Sc2Mol: a scaffold-based two-step molecule generator with variational autoencoder and transformer
Track: TransMed
  • Zhirui Liao, Fudan University, China
  • Lei Xie, Hunter College, The City University of New York, United States
  • Hiroshi Mamitsuka, Kyoto University, Japan
  • Shanfeng Zhu, Fudan University, China


Presentation Overview: Show

Finding molecules with desired pharmaceutical properties is crucial in drug discovery. Generative models can be an efficient tool to find desired molecules through the distribution learned by the model to approximate given training data. Existing generative models (i) do not consider backbone structures (scaffolds), resulting in inefficiency or (ii) need prior patterns for scaffolds, causing bias. Scaffolds are reasonable to use, and it is imperative to design a generative model without any prior scaffold patterns.

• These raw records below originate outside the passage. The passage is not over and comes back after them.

lemma greedy_selection:
  fixes Q :: "'b measure" and M :: "'a measure" and f :: "'b \<Rightarrow> 'a \<Rightarrow> real" and \<tau> :: "'b \<Rightarrow> real"
  assumes "prob_space Q" and "prob_space M"
    and f_measurable[measurable]: "(\<lambda>z. f (fst z) (snd z)) \<in> borel_measurable (Q \<Otimes>\<^sub>M M)"
    and f_bounded: "\<And>\<omega> x. \<bar>f \<omega> x\<bar> \<le> L"
    and f_centered: "\<And>x. x \<in> space M \<Longrightarrow> (\<integral>\<omega>. f \<omega> x \<partial>Q) = 0"
    and \<tau>: "integrable Q \<tau>" and S: "AE \<omega> in Q. \<omega> \<in> S" "S \<subseteq> space Q"
  shows "\<exists>\<omega>::nat\<Rightarrow>'b. (\<forall>j\<in>{1..k}. \<omega> j \<in> S) \<and>
     (\<integral>x. (\<Sum>j=1..k. f (\<omega> j) x)\<^sup>2 \<partial>M) + c * (\<Sum>j=1..k. \<tau> (\<omega> j))
       \<le> real k * (L\<^sup>2 + c * (\<integral>\<omega>. \<tau> \<omega> \<partial>Q))"
proof (induction k)
  case (Suc k)
  then obtain \<omega> where \<omega>: "\<forall>j\<in>{1..k}. \<omega> j \<in> S" and
    IH: "(\<integral>x. (\<Sum>j=1..k. f (\<omega> j) x)\<^sup>2 \<partial>M) + c * (\<Sum>j=1..k. \<tau> (\<omega> j))
           \<le> real k * (L\<^sup>2 + c * (\<integral>\<omega>. \<tau> \<omega> \<partial>Q))"
    by blast
  have "f \<nu> \<in> borel_measurable M" if "\<nu> \<in> S" for \<nu>
    using measurable_Pair2[OF f_measurable subsetD[OF S(2) that]] by simp
  then have "(\<lambda>x. \<Sum>j=1..k. f (\<omega> j) x) \<in> borel_measurable M"
    using \<omega> by (intro borel_measurable_sum) auto
  moreover have "\<bar>\<Sum>j=1..k. f (\<omega> j) x\<bar> \<le> real k * L" for x
  proof -
    have "\<bar>\<Sum>j=1..k. f (\<omega> j) x\<bar> \<le> (\<Sum>j=1..k. \<bar>f (\<omega> j) x\<bar>)" by (rule sum_abs)
    also have "\<dots> \<le> (\<Sum>j=1..k. L)" by (intro sum_mono f_bounded)
    finally show ?thesis by simp
  qed
  ultimately obtain \<nu> where "\<nu> \<in> S" and \<nu>:
    "(\<integral>x. ((\<Sum>j=1..k. f (\<omega> j) x) + f \<nu> x)\<^sup>2 \<partial>M) + c * \<tau> \<nu>
       \<le> (\<integral>x. (\<Sum>j=1..k. f (\<omega> j) x)\<^sup>2 \<partial>M) + L\<^sup>2 + c * (\<integral>\<omega>. \<tau> \<omega> \<partial>Q)"
    using greedy_step[OF assms(1-5) \<tau> S(1)] by blast
  show ?case
  proof (intro exI conjI)
    show "\<forall>j\<in>{1..Suc k}. fun_upd \<omega> (Suc k) \<nu> j \<in> S" using \<omega> \<open>\<nu> \<in> S\<close> by auto
    show "(\<integral>x. (\<Sum>j=1..Suc k. f (fun_upd \<omega> (Suc k) \<nu> j) x)\<^sup>2 \<partial>M) + c * (\<Sum>j=1..Suc k. \<tau> (fun_upd \<omega> (Suc k) \<nu> j))
        \<le> real (Suc k) * (L\<^sup>2 + c * (\<integral>\<omega>. \<tau> \<omega> \<partial>Q))"
      using \<nu> IH by (simp add: sum.cl_ivl_Suc algebra_simps)
  qed
qed simp
lemma capacity_prod:
  assumes "asd S P" and "S \<noteq> {}" and "P \<noteq> {}"
    and "asd S' P'" and "S' \<noteq> {}" and "P' \<noteq> {}"
  shows "capacity (S \<times> S') (prod_parts P P') = capacity S P + capacity S' P'"
proof -
  have "prod_parts P P' \<noteq> {}" using assms(3,6) unfolding prod_parts_eq_image by blast
  then have "capacity (S \<times> S') (prod_parts P P') = log 2 (real (Max (card ` P) * Max (card ` P')))"
    using capacity_eq_log_Max_card[OF asd_prod[OF assms(1,4)]] assms(2,5)
      Max_card_prod_parts[OF assms(1,3,4,6)] by simp
  also have "\<dots> = capacity S P + capacity S' P'"
    using Max_card_ge_1[OF assms(1-3)] Max_card_ge_1[OF assms(4-6)]
    by (simp add: log_mult capacity_eq_log_Max_card[OF assms(1-3)] capacity_eq_log_Max_card[OF assms(4-6)])
  finally show ?thesis .
qed

lemma meet_eq_image: "meet \<pi> \<rho> = (\<lambda>(A, B). A \<inter> B) ` (\<pi> \<times> \<rho>) - {{}}"
  unfolding meet_def by auto

lemma partition_on_meet:
  assumes "partition_on S \<pi>" and "partition_on S \<rho>"
  shows "partition_on S (meet \<pi> \<rho>)"
proof (rule partition_onI)
  show "\<Union>(meet \<pi> \<rho>) = S"
    using assms[THEN partition_onD1] unfolding meet_def by blast
  show "{} \<notin> meet \<pi> \<rho>" unfolding meet_def by blast
next
  fix p q assume "p \<in> meet \<pi> \<rho>" "q \<in> meet \<pi> \<rho>" "p \<noteq> q"
  then obtain A A' B B' where pq: "p = A \<inter> B" "q = A' \<inter> B'"
    "A \<in> \<pi>" "B \<in> \<rho>" "A' \<in> \<pi>" "B' \<in> \<rho>"
    unfolding meet_def by blast
  then have "A \<inter> A' = {} \<or> B \<inter> B' = {}"
    using \<open>p \<noteq> q\<close> assms[THEN partition_onD2] disjointD by metis
  then show "disjnt p q" using pq unfolding disjnt_def by auto
qed
lemma I_mat_index_eq_sum:
  assumes "distinct \<alpha>" "length \<beta> = length \<alpha>" "i < length r" "j < length c"
  shows "I_mat r c \<alpha> \<beta> $$ (i,j) =
    (\<Sum>l<length \<alpha>. (if i = \<alpha>!l then 1 else 0) * (if j = \<beta>!l then 1 else 0))"
proof (cases "\<exists>k<length \<alpha>. \<alpha>!k = i \<and> \<beta>!k = j")
  case True
  then obtain k where k: "k < length \<alpha>" "\<alpha>!k = i" "\<beta>!k = j" by blast
  have "(\<Sum>l<length \<alpha>. (if i = \<alpha>!l then 1 else 0) * (if j = \<beta>!l then 1 else 0)) =
      (\<Sum>l<length \<alpha>. if l = k then 1 else (0::real))"
    using k nth_eq_iff_index_eq[OF assms(1)] by (intro sum.cong) auto
  then show ?thesis using True k assms(3,4) by (simp add: I_mat_def)
next
  case False
  then have "(\<Sum>l<length \<alpha>. (if i = \<alpha>!l then 1 else 0) * (if j = \<beta>!l then 1 else 0)) = (0::real)"
    by (intro sum.neutral) auto
  then show ?thesis using False assms(3,4) by (simp add: I_mat_def)
qed

lemma mrank_I_mat:
  assumes s\<alpha>: "sorted_wrt (<) \<alpha>" and s\<beta>: "sorted_wrt (<) \<beta>" and l: "length \<beta> = length \<alpha>"
    and r\<alpha>: "\<forall>k\<in>set \<alpha>. k < length r" and r\<beta>: "\<forall>k\<in>set \<beta>. k < length c"
  shows "mrank (I_mat r c \<alpha> \<beta>) = length \<alpha>"
proof -
  let ?I = "I_mat r c \<alpha> \<beta>"
  have I: "?I \<in> carrier_mat (length r) (length c)" by (simp add: I_mat_def)
  have "vec_space.rank (length r) ?I \<le> length \<alpha>"
    using I_mat_index_eq_sum[of \<alpha> \<beta>] s\<alpha> l
    by (intro rank_le_of_sum_products[OF I]) (simp add: strict_sorted_iff)
  moreover have "length \<beta> \<le> vec_space.rank (length r) ?I"
  proof (rule rank_ge_of_minor[OF I s\<alpha> s\<beta> r\<alpha> r\<beta>])
    have "mat (length \<alpha>) (length \<beta>) (\<lambda>(i,j). ?I $$ (\<alpha>!i, \<beta>!j)) = 1\<^sub>m (length \<alpha>)"
      using s\<alpha> s\<beta> l r\<alpha> r\<beta> nth_eq_iff_index_eq[of \<alpha>] nth_eq_iff_index_eq[of \<beta>]
      by (intro eq_matI) (auto simp: I_mat_def strict_sorted_iff)
    then show "det (mat (length \<alpha>) (length \<beta>) (\<lambda>(i,j). ?I $$ (\<alpha>!i, \<beta>!j))) \<noteq> 0" by simp
  qed
  ultimately show ?thesis using I l by (simp add: mrank_def)
qed
lemma funpow_pred_Tkr:
  assumes y: "y \<in> Tkr pred hor k r x"
  shows "(pred ^^ r) y = (pred ^^ k) x"
proof -
  have "wedge pred hor x y = (pred ^^ k) x"
    using y mem_Tkr_iff anc_eq_if_hor_eq[OF anc_wedge_left anc_funpow] hor_funpow_pred by simp
  moreover have "wedge pred hor x y = (pred ^^ r) y"
    using y mem_Tkr_iff anc_eq_if_hor_eq[OF anc_wedge_right anc_funpow] hor_funpow_pred by simp
  ultimately show ?thesis
    by simp
qed

lemma finite_descendants: "finite {z. (pred ^^ n) z = c}"
proof (induction n)
  case (Suc n)
  have "{z. (pred ^^ Suc n) z = c} = (\<Union>u\<in>{z. (pred ^^ n) z = c}. {z. pred z = u})"
    by (auto simp: funpow_Suc_right simp del: funpow.simps)
  then show ?case
    using Suc finite_children by auto
qed simp

lemma finite_Tkr: "finite (Tkr pred hor k r x)"
  by (rule finite_subset[OF _ finite_descendants[of r "(pred ^^ k) x"]]) (use funpow_pred_Tkr in auto)

lemma ex_Tkr_mem_if_Omega:
  assumes \<eta>: "\<eta> \<in> Omega pred hor k x"
  shows "\<exists>y\<in>Tkr pred hor k r x. y \<in> \<eta>"
proof -
  define w where "w = wedge_end pred hor x \<eta>"
  have \<eta>_end: "\<eta> \<in> ends_star pred" and "up_end pred hor x \<eta> = k"
    using \<eta> unfolding Omega_def by auto
  moreover have "hor w \<le> hor x"
    using anc_hor_le[OF anc_wedge_end[OF \<eta>_end]] unfolding w_def .
  ultimately have hor_w: "hor w = hor x - int k"
    unfolding up_end_def w_def[symmetric] by linarith
  obtain y where y: "y \<in> \<eta>" "(pred ^^ r) y = w"
    using ends_star_ex_descendant[OF \<eta>_end wedge_end_mem[OF \<eta>_end]] unfolding w_def by blast
  have "wedge pred hor x y = w"
  proof (rule wedge_eqI)
    show "anc pred x w"
      using anc_wedge_end[OF \<eta>_end] unfolding w_def .
    show "anc pred y w"
      unfolding y(2)[symmetric] by (rule anc_funpow)
    show "anc pred x b \<Longrightarrow> anc pred y b \<Longrightarrow> hor b \<le> hor w" for b
      using hor_le_wedge_end[OF \<eta>_end] ends_star_anc[OF \<eta>_end y(1)] unfolding w_def by blast
  qed
  moreover have "hor y = hor w + int r"
    using y(2) hor_funpow_pred[of r y] by simp
  ultimately have "y \<in> Tkr pred hor k r x"
    unfolding mem_Tkr_iff using hor_w by simp
  then show ?thesis
    using y(1) by blast
qed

We propose a generative model-based molecule generator, Sc2Mol, without any prior scaffold patterns. Sc2Mol uses SMILES strings for molecules. It consists of two steps: scaffold generation and scaffold decoration, which are carried out by a variational autoencoder and a transformer, respectively. The two steps are powerful for implementing random molecule generation and scaffold optimization. Our empirical evaluation using drug-like molecule datasets confirmed the success of our model in distribution learning and molecule optimization. Also, our model could automatically learn the rules to transform coarse scaffolds into sophisticated drug candidates. These rules were consistent with those for current lead optimization.